Further, in the present embodiment, in a case where the plurality of inspection objects PF are transported in the predetermined direction, the visible light camera 51 can image each of the inspection objects PF and output the appearance image data Dea of each of the inspection objects PF, the variant feature image recognition unit 53 of the inspection control unit 30 can detect the image feature value Fc for each variant of each of the inspection objects PF from the appearance image data Dea of each of the inspection objects PF, and the inspection parameter setting unit 54 of the inspection control unit 30 can dynamically vary the specific inspection parameters for each variant for the relative mass inspection function of each of the inspection objects PF in the X-ray inspection device 1 in accordance with the image feature value Fc of each recognized inspection object PF for each variant.

Therefore, in a case where the plurality of similar inspection objects PF of the same classification but different types are transported in order, before the relative mass inspection is performed by the X-ray inspection device 1 based on the X-ray inspection image Dpx of the inspection object PF of the subsequent variant type, the setting change can be made from the specific inspection parameters for the relative mass inspection of the preceding variant, which is previously identified and set by the variant feature image recognition unit in accordance with the image feature value for each variant of the inspection object PF of the preceding first variant (preceding variant) to the specific inspection parameters for the relative mass inspection for each variant of the inspection object PF (subsequent variant) of the second variant, which is newly recognized by the variant feature image recognition unit 53. Therefore, even immediately after the switching of the variant is performed or even in a case where a plurality of variants are mixed and pass through the inspection line, the setting of the specific inspection parameters for each variant can be readily performed quickly and accurately without the setting operation becoming time-consuming.

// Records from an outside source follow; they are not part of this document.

lemma nn_integral_outcome_density:
  assumes [measurable]: "c \<in> borel_measurable MX" and c_nonneg: "\<And>x. x \<in> space MX \<Longrightarrow> c x \<ge> 0"
  shows "(\<integral>\<^sup>+ y. (\<integral>\<^sup>+ x. ennreal (py x a y * c x) \<partial>MX) \<partial>lborel) = (\<integral>\<^sup>+ x. ennreal (c x) \<partial>MX)"
proof -
  interpret pair_sigma_finite MX lborel ..
  have "(\<integral>\<^sup>+ y. (\<integral>\<^sup>+ x. ennreal (py x a y * c x) \<partial>MX) \<partial>lborel)
      = (\<integral>\<^sup>+ x. (\<integral>\<^sup>+ y. ennreal (py x a y) * ennreal (c x) \<partial>lborel) \<partial>MX)"
    using py_nonneg c_nonneg
    by (subst Fubini'[symmetric]) (auto simp: case_prod_beta' ennreal_mult intro!: nn_integral_cong)
  also have "\<dots> = (\<integral>\<^sup>+ x. ennreal (c x) \<partial>MX)"
  proof (rule nn_integral_cong)
    fix x assume x: "x \<in> space MX"
    then have "(\<lambda>y. ennreal (py x a y)) \<in> borel_measurable lborel" by measurable
    then show "(\<integral>\<^sup>+ y. ennreal (py x a y) * ennreal (c x) \<partial>lborel) = ennreal (c x)"
      using py_norm x by (simp add: nn_integral_multc)
  qed
  finally show ?thesis .
qed

definition Y_dens_det :: "bool \<Rightarrow> real \<Rightarrow> ennreal"
  where "Y_dens_det a y = (\<integral>\<^sup>+ x. ennreal (py x a y * px x) \<partial>MX)"

definition Y_dens_b :: "real \<Rightarrow> ennreal"
  where "Y_dens_b y = (\<Sum>a\<in>UNIV. \<integral>\<^sup>+ x. ennreal (py x a y * pib a x * px x) \<partial>MX)"

lemma Y_dens_det_measurable[measurable]: "Y_dens_det a \<in> borel_measurable borel"
  unfolding Y_dens_det_def[abs_def] by measurable

lemma Y_dens_b_measurable[measurable]: "Y_dens_b \<in> borel_measurable borel"
  unfolding Y_dens_b_def[abs_def] by measurable

lemma nn_integral_Y_dens_det: "(\<integral>\<^sup>+ y. Y_dens_det a y \<partial>lborel) = 1"
  unfolding Y_dens_det_def using nn_integral_outcome_density[of px a] px_nonneg px_norm by simp
(* Let $(R,\mathfrak{m})$ be a commutative Artinian local ring with identity, $\mathfrak{m}\neq0$ and $\mathfrak{m}^2=0$, and let $n\ge7$ be an integer. If $n$ is odd, then $\{3,4,5,\dots,n-4\}\cup\{n-2,n\}\subseteq L(x^n)$. If $n$ is even, then $\{2,3,4,5,\dots,n-4\}\cup\{n-2,n\}\subseteq L(x^n)$.
   Context: A nonunit polynomial in $R[x]$ is irreducible if in any factorization into two polynomials one factor is a unit of $R[x]$. A positive integer $k$ is a length of $f$ if $f$ is a product of $k$ irreducible polynomials of $R[x]$; $L(f)$ denotes the set of lengths of $f$. *)

theory Defs
  imports "HOL-Computational_Algebra.Polynomial" "HOL-Computational_Algebra.Factorial_Ring"
begin

definition is_ideal :: "'a::comm_ring_1 set \<Rightarrow> bool" where
  "is_ideal I \<longleftrightarrow> 0 \<in> I \<and> (\<forall>a\<in>I. \<forall>b\<in>I. a + b \<in> I) \<and> (\<forall>a\<in>I. \<forall>r. r * a \<in> I)"

definition maximal_ideal :: "'a::comm_ring_1 set \<Rightarrow> bool" where
  "maximal_ideal M \<longleftrightarrow> is_ideal M \<and> M \<noteq> UNIV \<and>
     (\<forall>J. is_ideal J \<and> M \<subseteq> J \<longrightarrow> J = M \<or> J = UNIV)"

definition artinian :: "'a::comm_ring_1 itself \<Rightarrow> bool" where
  "artinian _ \<longleftrightarrow> (\<forall>I :: nat \<Rightarrow> 'a set. (\<forall>k. is_ideal (I k) \<and> I (Suc k) \<subseteq> I k)
      \<longrightarrow> (\<exists>N. \<forall>k\<ge>N. I k = I N))"

definition lengths :: "'a::comm_ring_1 poly \<Rightarrow> nat set" where
  "lengths f = {k. k > 0 \<and> (\<exists>fs. length fs = k \<and> (\<forall>g\<in>set fs. irreducible g) \<and> prod_list fs = f)}"

end

theory Submission
  imports Defs
begin

text \<open>
  Since \<open>\<m>\<^sup>2 = 0\<close>, every element outside the maximal ideal \<open>\<m>\<close> is a unit, and
  the residue ring \<open>R/\<m>\<close> is a field. Hence a polynomial that is congruent modulo \<open>\<m>\<close>
  to a unit times \<open>x\<^sup>j\<close> can only split into factors of the same shape, \<open>u x\<^sup>i\<close> and
  \<open>v x\<^sup>l\<close> with \<open>i + l = j\<close>; a factor with \<open>i = 0\<close> is a unit, and if \<open>i, l > 0\<close> both
  constant terms lie in \<open>\<m>\<close>, so the product has constant term \<open>0\<close>. Thus for \<open>j \<ge> 1\<close>
  and nonzero constant term such a polynomial is irreducible. With \<open>0 \<noteq> a \<in> \<m>\<close> this
  makes \<open>x\<close>, \<open>x\<^sup>e \<plusminus> a\<close> and \<open>x\<^sup>e - a - a x\<^sup>e\<^sup>-\<^sup>2\<close> irreducible, and
  \<open>(x\<^sup>i + a)(x\<^sup>i - a) = x\<^sup>2\<^sup>i\<close>,  \<open>(x\<^sup>2 + a)(x\<^sup>e + a)(x\<^sup>e - a - a x\<^sup>e\<^sup>-\<^sup>2) = x\<^sup>2\<^sup>e\<^sup>+\<^sup>2\<close>;
  padding with factors \<open>x\<close> yields the lengths \<open>k\<close> with \<open>n - k\<close> even, respectively
  odd and at least \<open>5\<close>.
\<close>

lemma maximal_ideal_square_zero_notin_is_unit:
  fixes M :: "'a::comm_ring_1 set"
  assumes max: "maximal_ideal M" and sq: "\<forall>x\<in>M. \<forall>y\<in>M. x * y = 0" and a: "a \<notin> M"
  shows "a dvd 1"
proof -
  have M: "0 \<in> M" "\<And>x y. x \<in> M \<Longrightarrow> y \<in> M \<Longrightarrow> x + y \<in> M" "\<And>x r. x \<in> M \<Longrightarrow> r * x \<in> M"
    using max unfolding maximal_ideal_def is_ideal_def by auto
  define J where "J = {t + r * a | t r. t \<in> M}"
  have "is_ideal J" unfolding is_ideal_def
  proof (intro conjI ballI allI)
    have "0 = 0 + 0 * a" by simp
    then show "0 \<in> J" unfolding J_def using M(1) by blast
  next
    fix x y assume "x \<in> J" "y \<in> J"
    then obtain t1 r1 t2 r2 where "x = t1 + r1 * a" "y = t2 + r2 * a" "t1 \<in> M" "t2 \<in> M"
      unfolding J_def by blast
    moreover have "x + y = (t1 + t2) + (r1 + r2) * a" if "x = t1 + r1 * a" "y = t2 + r2 * a"
      using that by (simp add: algebra_simps)
    ultimately show "x + y \<in> J" unfolding J_def using M(2) by blast
  next
    fix x s assume "x \<in> J"
    then obtain t r where "x = t + r * a" "t \<in> M" unfolding J_def by blast
    moreover have "s * x = s * t + (s * r) * a" if "x = t + r * a"
      using that by (simp add: algebra_simps)
    ultimately show "s * x \<in> J" unfolding J_def using M(3) by blast
  qed
  moreover have "M \<subseteq> J" unfolding J_def by (force intro: exI[of _ 0])
  moreover have "a \<in> J" unfolding J_def using M(1) by (force intro: exI[of _ 1])
  ultimately have "J = UNIV" using max a unfolding maximal_ideal_def by blast
  then obtain t r where tr: "1 = t + r * a" "t \<in> M" unfolding J_def by blast
  have "r * a = 1 - t" using tr(1) by (simp add: algebra_simps)
  then have "a * (r * (1 + t)) = (1 - t) * (1 + t)" by (metis mult.assoc mult.commute)
  also have "\<dots> = 1 - t * t" by (simp add: algebra_simps)
  also have "\<dots> = 1" using sq tr(2) by simp
  finally show ?thesis by (metis dvdI)
qed

lemma xpow_eq_monom: "[:0, 1:] ^ n = monom 1 n"
  by (simp add: monom_altdef)

lemma length_in_lengths:
  fixes fs :: "'a::comm_ring_1 poly list"
  assumes "fs \<noteq> []" "\<forall>g\<in>set fs. irreducible g"
  shows "length fs \<in> lengths (prod_list fs)"
  using assms unfolding lengths_def by auto

lemma square_zero_triple_product:
  fixes A :: "'a::comm_ring_1"
  assumes "A * A = 0"
  shows "(P + A) * (P * Y + A) * (P * Y + (- A - A * Y)) = P * P * P * Y * Y"
proof -
  have "(P + A) * (P * Y + A) * (P * Y + (- A - A * Y))
      = P * P * P * Y * Y - (A * A) * (P * (1 + Y) * (1 + Y) - P * Y + A * (1 + Y))"
    by (simp add: algebra_simps)
  then show ?thesis using assms by simp
qed

locale square_zero_local_ring =
  fixes m :: "'a::comm_ring_1 set"
  assumes ideal: "is_ideal m"
    and one_notin: "1 \<notin> m"
    and notin_is_unit: "a \<notin> m \<Longrightarrow> a dvd 1"
    and mult_eq_0: "a \<in> m \<Longrightarrow> b \<in> m \<Longrightarrow> a * b = 0"

lemma square_zero_local_ringI:
  fixes M :: "'a::comm_ring_1 set"
  assumes max: "maximal_ideal M" and sq: "\<forall>x\<in>M. \<forall>y\<in>M. x * y = 0"
  shows "square_zero_local_ring M"
proof
  show "is_ideal M" using max unfolding maximal_ideal_def by blast
  show "1 \<notin> M"
  proof
    assume "1 \<in> M"
    then have "M = UNIV" using \<open>is_ideal M\<close> unfolding is_ideal_def by (metis UNIV_eq_I mult.right_neutral)
    then show False using max unfolding maximal_ideal_def by blast
  qed
qed (use maximal_ideal_square_zero_notin_is_unit[OF max sq] sq in auto)

context square_zero_local_ring
begin

lemma zero_in: "0 \<in> m"
  and add_in: "a \<in> m \<Longrightarrow> b \<in> m \<Longrightarrow> a + b \<in> m"
  and mult_in_left: "b \<in> m \<Longrightarrow> a * b \<in> m"
  using ideal unfolding is_ideal_def by auto

lemma mult_in_right: "a \<in> m \<Longrightarrow> a * b \<in> m"
  using mult_in_left[of a b] by (simp add: mult.commute)

lemma uminus_in: "a \<in> m \<Longrightarrow> - a \<in> m"
  using mult_in_left[of a "- 1"] by simp

lemma diff_in: "a \<in> m \<Longrightarrow> b \<in> m \<Longrightarrow> a - b \<in> m"
  using add_in[OF _ uminus_in] by simp

lemma sum_in: "(\<And>x. x \<in> A \<Longrightarrow> f x \<in> m) \<Longrightarrow> sum f A \<in> m"
  by (induction A rule: infinite_finite_induct) (auto intro: add_in zero_in)

lemma unit_notin: "u dvd 1 \<Longrightarrow> u \<notin> m"
  by (metis dvdE mult_in_right one_notin)

lemma mult_notin: "a \<notin> m \<Longrightarrow> b \<notin> m \<Longrightarrow> a * b \<notin> m"
  using unit_notin notin_is_unit mult_dvd_mono[of a 1 b 1] by auto

lemma add_notin: "a \<notin> m \<Longrightarrow> b \<in> m \<Longrightarrow> a + b \<notin> m"
  using diff_in[of "a + b" b] by auto

lemma coeff_mult_notin:
  fixes f g :: "'a poly"
  assumes "i \<le> n" "coeff f i \<notin> m" "coeff g (n - i) \<notin> m"
    and others: "\<And>k. k \<le> n \<Longrightarrow> k \<noteq> i \<Longrightarrow> coeff f k * coeff g (n - k) \<in> m"
  shows "coeff (f * g) n \<notin> m"
proof -
  have "coeff (f * g) n = coeff f i * coeff g (n - i) + (\<Sum>k\<in>{..n} - {i}. coeff f k * coeff g (n - k))"
    unfolding coeff_mult using \<open>i \<le> n\<close> by (subst sum.remove[of _ i]) auto
  moreover have "(\<Sum>k\<in>{..n} - {i}. coeff f k * coeff g (n - k)) \<in> m"
    using others by (intro sum_in) auto
  ultimately show ?thesis using assms(2,3) by (simp add: add_notin mult_notin)
qed

text \<open>The residue ring is a domain: the lowest (highest) coefficients outside \<open>\<m>\<close> multiply.\<close>

lemma coeff_mult_least_notin:
  fixes f g :: "'a poly"
  assumes "\<forall>p<i. coeff f p \<in> m" "coeff f i \<notin> m" "\<forall>q<l. coeff g q \<in> m" "coeff g l \<notin> m"
  shows "coeff (f * g) (i + l) \<notin> m"
proof (rule coeff_mult_notin)
  fix k assume "k \<le> i + l" "k \<noteq> i"
  then consider "k < i" | "i + l - k < l" by linarith
  then show "coeff f k * coeff g (i + l - k) \<in> m"
    by cases (use assms(1,3) mult_in_left mult_in_right in blast)+
qed (use assms(2,4) in auto)

lemma coeff_mult_greatest_notin:
  fixes f g :: "'a poly"
  assumes "\<forall>p>i. coeff f p \<in> m" "coeff f i \<notin> m" "\<forall>q>l. coeff g q \<in> m" "coeff g l \<notin> m"
  shows "coeff (f * g) (i + l) \<notin> m"
proof (rule coeff_mult_notin)
  fix k assume "k \<le> i + l" "k \<noteq> i"
  then consider "k > i" | "i + l - k > l" by linarith
  then show "coeff f k * coeff g (i + l - k) \<in> m"
    by cases (use assms(1,3) mult_in_left mult_in_right in blast)+
qed (use assms(2,4) in auto)

lemma coeff_mult_in:
  fixes f g :: "'a poly"
  assumes "\<forall>p. coeff f p \<in> m"
  shows "coeff (f * g) n \<in> m"
  unfolding coeff_mult using assms by (intro sum_in) (auto intro: mult_in_right)

lemma least_coeff_notin:
  fixes f :: "'a poly"
  assumes "\<exists>p. coeff f p \<notin> m"
  obtains i where "\<forall>p<i. coeff f p \<in> m" "coeff f i \<notin> m"
  using assms exists_least_iff[of "\<lambda>p. coeff f p \<notin> m"] by blast

lemma greatest_coeff_notin:
  fixes f :: "'a poly"
  assumes "\<exists>p. coeff f p \<notin> m"
  obtains i where "\<forall>p>i. coeff f p \<in> m" "coeff f i \<notin> m"
proof -
  obtain p where "coeff f p \<notin> m" using assms by blast
  moreover have "\<forall>p. coeff f p \<notin> m \<longrightarrow> p \<le> degree f"
    by (metis le_degree zero_in)
  ultimately show ?thesis
    using Nat.ex_has_greatest_nat[of "\<lambda>p. coeff f p \<notin> m"] that by (metis not_le)
qed

text \<open>\<open>F\<close> is congruent modulo \<open>\<m>\<close> to a unit multiple of \<open>x\<^sup>j\<close>.\<close>

definition monomial_modulo :: "nat \<Rightarrow> 'a poly \<Rightarrow> bool" where
  "monomial_modulo j F \<longleftrightarrow> coeff F j \<notin> m \<and> (\<forall>p. p \<noteq> j \<longrightarrow> coeff F p \<in> m)"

In addition, in the present embodiment, the variant feature image recognition unit 53 detects the image feature value Fc for each variant, by which the content component type of the inspection object PF is specifiable, from the appearance image data Dea of the inspection object PF by using the object detection method, and the inspection control unit 30 can vary the specific inspection parameters for the relative mass inspection in the X-ray inspection device 1 in accordance with the content component type of the inspection object PF of the variant recognized based on the image feature value Fc for each variant by the inspection parameter setting unit 54.

Therefore, since the image feature value Fc for each variant can be detected from the appearance image data Dea by using the object detection method, the position, the number, and the like of the image elements (object detection targets) that contribute to the variant identification can also be effectively utilized for the variant identification.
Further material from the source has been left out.